Task details
Using the material below, print the line that contains "s (X # v) (X # w)", the line that contains "else rmul (drev s v (Y b # w)) (Y 1)", and every line in between, exactly and nothing else.

Input data
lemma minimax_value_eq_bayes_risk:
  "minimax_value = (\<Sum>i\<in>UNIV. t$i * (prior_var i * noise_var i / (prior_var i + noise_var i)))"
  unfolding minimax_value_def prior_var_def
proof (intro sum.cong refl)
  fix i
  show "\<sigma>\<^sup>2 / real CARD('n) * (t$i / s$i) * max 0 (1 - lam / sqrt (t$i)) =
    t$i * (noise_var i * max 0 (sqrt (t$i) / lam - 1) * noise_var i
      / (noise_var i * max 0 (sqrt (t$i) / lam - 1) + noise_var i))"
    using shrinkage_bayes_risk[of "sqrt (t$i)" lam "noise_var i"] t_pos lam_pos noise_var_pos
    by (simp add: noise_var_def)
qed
...
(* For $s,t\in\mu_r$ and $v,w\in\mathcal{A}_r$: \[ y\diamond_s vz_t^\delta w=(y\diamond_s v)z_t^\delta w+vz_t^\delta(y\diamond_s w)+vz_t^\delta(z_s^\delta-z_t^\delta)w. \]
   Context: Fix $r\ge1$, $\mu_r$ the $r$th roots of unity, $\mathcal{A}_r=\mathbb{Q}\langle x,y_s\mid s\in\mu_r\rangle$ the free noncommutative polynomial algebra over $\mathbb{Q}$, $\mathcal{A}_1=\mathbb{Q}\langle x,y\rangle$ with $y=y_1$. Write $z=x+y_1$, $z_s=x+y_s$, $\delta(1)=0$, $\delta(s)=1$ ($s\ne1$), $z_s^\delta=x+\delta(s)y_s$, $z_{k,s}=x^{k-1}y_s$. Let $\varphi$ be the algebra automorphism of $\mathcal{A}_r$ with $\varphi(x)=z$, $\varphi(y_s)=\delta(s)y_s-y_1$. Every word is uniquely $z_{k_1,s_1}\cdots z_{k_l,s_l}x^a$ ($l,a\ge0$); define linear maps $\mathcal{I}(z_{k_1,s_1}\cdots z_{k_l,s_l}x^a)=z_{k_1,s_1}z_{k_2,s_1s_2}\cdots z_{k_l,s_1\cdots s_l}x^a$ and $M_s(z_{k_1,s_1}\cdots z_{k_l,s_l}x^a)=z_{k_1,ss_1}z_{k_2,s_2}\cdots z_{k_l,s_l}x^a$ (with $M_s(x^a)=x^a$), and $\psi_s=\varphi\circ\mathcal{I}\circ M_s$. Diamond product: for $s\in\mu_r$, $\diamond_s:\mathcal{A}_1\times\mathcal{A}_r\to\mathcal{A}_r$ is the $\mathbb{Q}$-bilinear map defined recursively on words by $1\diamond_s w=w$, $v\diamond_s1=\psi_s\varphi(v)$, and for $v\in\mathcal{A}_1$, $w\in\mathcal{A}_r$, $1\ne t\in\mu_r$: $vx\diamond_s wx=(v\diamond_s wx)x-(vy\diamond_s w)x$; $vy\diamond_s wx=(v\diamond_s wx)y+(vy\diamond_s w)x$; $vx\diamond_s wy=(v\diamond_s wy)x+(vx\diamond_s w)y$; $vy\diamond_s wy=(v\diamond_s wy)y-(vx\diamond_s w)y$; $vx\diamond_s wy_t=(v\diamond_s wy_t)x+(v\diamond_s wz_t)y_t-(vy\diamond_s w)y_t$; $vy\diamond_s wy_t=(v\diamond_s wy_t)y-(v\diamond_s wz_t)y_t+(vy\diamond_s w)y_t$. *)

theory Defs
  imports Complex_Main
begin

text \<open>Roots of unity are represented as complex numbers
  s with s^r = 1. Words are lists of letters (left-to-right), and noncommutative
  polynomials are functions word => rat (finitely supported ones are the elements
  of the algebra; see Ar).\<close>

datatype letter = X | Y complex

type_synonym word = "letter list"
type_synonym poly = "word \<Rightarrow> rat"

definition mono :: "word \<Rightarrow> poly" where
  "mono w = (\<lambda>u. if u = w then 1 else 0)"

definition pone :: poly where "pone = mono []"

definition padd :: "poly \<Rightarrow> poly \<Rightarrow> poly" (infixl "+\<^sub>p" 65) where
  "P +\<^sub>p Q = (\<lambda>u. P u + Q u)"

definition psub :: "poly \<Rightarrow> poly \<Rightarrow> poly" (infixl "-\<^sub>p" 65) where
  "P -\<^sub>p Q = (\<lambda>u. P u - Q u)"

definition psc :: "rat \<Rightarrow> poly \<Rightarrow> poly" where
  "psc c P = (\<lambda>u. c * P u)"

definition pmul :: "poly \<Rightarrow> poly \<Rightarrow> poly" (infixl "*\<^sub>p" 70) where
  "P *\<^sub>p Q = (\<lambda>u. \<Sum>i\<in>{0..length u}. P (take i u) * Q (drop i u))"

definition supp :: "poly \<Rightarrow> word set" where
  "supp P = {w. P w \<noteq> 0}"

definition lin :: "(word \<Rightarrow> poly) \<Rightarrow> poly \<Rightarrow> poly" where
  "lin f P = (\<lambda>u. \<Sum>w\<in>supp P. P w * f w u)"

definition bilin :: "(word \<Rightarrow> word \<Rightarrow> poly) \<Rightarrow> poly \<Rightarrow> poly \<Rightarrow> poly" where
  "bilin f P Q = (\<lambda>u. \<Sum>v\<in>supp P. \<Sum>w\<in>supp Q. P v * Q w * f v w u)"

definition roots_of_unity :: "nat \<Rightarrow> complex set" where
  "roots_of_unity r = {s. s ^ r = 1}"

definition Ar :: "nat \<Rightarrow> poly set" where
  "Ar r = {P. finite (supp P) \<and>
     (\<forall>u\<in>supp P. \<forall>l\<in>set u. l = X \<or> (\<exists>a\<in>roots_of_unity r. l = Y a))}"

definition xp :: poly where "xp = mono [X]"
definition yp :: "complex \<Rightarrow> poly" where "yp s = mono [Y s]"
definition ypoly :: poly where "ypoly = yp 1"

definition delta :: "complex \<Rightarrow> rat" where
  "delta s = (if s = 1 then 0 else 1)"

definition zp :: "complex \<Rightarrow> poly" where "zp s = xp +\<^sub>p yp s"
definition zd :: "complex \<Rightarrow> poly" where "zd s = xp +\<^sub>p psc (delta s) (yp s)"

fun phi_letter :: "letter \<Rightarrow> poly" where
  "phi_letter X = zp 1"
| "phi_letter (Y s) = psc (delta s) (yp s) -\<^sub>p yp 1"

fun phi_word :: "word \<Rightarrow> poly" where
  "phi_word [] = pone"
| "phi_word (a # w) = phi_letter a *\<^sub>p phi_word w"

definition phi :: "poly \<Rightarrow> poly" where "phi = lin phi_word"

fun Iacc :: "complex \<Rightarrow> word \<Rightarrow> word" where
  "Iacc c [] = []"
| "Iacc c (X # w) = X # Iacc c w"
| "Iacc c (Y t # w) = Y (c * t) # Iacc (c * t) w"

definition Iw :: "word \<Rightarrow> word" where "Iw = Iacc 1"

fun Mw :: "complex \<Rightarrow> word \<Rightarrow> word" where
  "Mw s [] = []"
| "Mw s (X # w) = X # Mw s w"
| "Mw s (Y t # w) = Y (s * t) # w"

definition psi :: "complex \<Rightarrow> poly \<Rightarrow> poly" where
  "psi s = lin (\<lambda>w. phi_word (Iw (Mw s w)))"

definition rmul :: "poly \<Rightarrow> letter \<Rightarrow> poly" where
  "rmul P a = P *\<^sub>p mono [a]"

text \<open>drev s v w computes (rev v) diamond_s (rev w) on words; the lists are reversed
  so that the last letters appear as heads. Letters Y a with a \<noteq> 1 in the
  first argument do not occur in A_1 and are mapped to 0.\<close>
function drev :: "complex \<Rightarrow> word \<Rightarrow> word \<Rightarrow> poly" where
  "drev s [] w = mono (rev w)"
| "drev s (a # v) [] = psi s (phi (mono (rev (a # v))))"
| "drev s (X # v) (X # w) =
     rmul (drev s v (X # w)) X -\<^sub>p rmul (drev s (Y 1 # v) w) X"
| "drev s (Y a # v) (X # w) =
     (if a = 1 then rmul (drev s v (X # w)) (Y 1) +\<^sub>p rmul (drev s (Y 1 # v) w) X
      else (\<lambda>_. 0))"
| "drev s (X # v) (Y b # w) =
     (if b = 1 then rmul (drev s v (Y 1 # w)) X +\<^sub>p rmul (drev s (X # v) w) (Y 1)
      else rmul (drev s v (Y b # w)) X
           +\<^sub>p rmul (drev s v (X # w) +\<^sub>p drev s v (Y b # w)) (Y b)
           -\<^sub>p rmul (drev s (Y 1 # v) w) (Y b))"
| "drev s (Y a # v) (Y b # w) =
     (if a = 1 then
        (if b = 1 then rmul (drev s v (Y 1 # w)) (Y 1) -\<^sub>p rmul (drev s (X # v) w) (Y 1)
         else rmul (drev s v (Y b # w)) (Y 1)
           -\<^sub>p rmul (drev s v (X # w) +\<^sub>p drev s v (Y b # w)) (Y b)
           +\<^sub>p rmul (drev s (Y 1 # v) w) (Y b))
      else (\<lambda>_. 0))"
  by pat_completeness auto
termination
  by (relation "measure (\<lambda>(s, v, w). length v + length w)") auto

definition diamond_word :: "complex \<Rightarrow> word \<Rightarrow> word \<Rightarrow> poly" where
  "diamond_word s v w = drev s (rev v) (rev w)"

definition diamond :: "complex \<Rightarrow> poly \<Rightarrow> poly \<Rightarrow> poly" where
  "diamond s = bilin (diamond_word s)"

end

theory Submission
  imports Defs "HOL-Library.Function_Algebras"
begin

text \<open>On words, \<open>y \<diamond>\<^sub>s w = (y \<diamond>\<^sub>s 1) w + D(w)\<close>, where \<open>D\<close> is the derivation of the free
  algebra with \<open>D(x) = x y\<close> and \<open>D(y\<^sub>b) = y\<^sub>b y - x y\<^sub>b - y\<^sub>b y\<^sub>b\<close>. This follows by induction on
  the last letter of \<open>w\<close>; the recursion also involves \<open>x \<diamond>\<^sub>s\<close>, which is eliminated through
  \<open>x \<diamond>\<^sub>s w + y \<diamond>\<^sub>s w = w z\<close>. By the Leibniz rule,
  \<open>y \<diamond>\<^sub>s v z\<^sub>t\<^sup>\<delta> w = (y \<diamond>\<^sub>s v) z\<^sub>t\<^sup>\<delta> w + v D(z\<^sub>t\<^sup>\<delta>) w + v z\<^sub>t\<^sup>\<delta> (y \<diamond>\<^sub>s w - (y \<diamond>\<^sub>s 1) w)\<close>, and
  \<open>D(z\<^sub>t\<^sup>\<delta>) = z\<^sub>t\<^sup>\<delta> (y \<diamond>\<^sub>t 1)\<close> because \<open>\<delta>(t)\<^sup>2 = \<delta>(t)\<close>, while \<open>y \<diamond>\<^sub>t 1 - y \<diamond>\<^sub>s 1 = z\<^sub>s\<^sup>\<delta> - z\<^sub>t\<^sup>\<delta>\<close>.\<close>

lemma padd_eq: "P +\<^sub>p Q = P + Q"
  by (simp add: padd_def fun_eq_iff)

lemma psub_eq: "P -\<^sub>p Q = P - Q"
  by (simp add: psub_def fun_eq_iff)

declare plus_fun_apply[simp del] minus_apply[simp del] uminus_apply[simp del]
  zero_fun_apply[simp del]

Solution
| "drev s (X # v) (X # w) =
     rmul (drev s v (X # w)) X -\<^sub>p rmul (drev s (Y 1 # v) w) X"
| "drev s (Y a # v) (X # w) =
     (if a = 1 then rmul (drev s v (X # w)) (Y 1) +\<^sub>p rmul (drev s (Y 1 # v) w) X
      else (\<lambda>_. 0))"
| "drev s (X # v) (Y b # w) =
     (if b = 1 then rmul (drev s v (Y 1 # w)) X +\<^sub>p rmul (drev s (X # v) w) (Y 1)
      else rmul (drev s v (Y b # w)) X
           +\<^sub>p rmul (drev s v (X # w) +\<^sub>p drev s v (Y b # w)) (Y b)
           -\<^sub>p rmul (drev s (Y 1 # v) w) (Y b))"
| "drev s (Y a # v) (Y b # w) =
     (if a = 1 then
        (if b = 1 then rmul (drev s v (Y 1 # w)) (Y 1) -\<^sub>p rmul (drev s (X # v) w) (Y 1)
         else rmul (drev s v (Y b # w)) (Y 1)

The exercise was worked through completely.